RECORD SET
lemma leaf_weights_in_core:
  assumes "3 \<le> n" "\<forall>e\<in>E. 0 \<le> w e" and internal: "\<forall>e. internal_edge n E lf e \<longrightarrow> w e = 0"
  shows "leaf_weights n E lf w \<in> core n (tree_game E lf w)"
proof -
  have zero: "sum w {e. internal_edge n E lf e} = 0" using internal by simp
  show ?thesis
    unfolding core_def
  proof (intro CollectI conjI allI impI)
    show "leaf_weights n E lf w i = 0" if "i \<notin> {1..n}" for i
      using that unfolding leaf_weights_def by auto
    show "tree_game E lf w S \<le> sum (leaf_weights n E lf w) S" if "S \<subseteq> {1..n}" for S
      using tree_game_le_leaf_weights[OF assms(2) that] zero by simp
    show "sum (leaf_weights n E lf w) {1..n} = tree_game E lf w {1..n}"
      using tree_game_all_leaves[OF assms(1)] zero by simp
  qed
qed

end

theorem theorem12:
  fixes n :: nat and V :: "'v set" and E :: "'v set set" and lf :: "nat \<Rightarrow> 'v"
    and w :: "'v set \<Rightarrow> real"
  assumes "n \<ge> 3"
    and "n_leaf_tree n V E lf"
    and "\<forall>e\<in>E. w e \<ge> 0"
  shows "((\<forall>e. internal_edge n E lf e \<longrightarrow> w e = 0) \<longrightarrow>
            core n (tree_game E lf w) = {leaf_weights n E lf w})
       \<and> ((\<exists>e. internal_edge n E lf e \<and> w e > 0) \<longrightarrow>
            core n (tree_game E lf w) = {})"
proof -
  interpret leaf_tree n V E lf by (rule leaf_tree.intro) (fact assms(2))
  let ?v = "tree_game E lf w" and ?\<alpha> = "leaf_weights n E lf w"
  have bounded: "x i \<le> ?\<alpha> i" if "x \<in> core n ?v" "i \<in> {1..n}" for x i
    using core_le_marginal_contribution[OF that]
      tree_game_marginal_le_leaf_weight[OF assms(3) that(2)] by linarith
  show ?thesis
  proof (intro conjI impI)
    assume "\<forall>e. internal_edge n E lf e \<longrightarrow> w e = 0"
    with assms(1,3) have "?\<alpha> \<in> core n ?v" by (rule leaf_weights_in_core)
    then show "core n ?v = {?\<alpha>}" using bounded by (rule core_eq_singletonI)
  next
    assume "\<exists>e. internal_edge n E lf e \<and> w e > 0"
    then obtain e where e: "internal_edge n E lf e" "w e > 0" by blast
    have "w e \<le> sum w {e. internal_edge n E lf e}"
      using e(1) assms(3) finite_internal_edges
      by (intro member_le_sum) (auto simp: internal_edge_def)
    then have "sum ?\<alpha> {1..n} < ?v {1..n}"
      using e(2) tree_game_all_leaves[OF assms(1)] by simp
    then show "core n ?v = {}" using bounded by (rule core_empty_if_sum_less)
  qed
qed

TASK BRIEF
What is needed is an exact copy of the lines from the one containing "proof (intro conjI impI)" through the final line of the data, both included, and nothing more.

TASK SOLUTION
  proof (intro conjI impI)
    assume "\<forall>e. internal_edge n E lf e \<longrightarrow> w e = 0"
    with assms(1,3) have "?\<alpha> \<in> core n ?v" by (rule leaf_weights_in_core)
    then show "core n ?v = {?\<alpha>}" using bounded by (rule core_eq_singletonI)
  next
    assume "\<exists>e. internal_edge n E lf e \<and> w e > 0"
    then obtain e where e: "internal_edge n E lf e" "w e > 0" by blast
    have "w e \<le> sum w {e. internal_edge n E lf e}"
      using e(1) assms(3) finite_internal_edges
      by (intro member_le_sum) (auto simp: internal_edge_def)
    then have "sum ?\<alpha> {1..n} < ?v {1..n}"
      using e(2) tree_game_all_leaves[OF assms(1)] by simp
    then show "core n ?v = {}" using bounded by (rule core_empty_if_sum_less)
  qed
qed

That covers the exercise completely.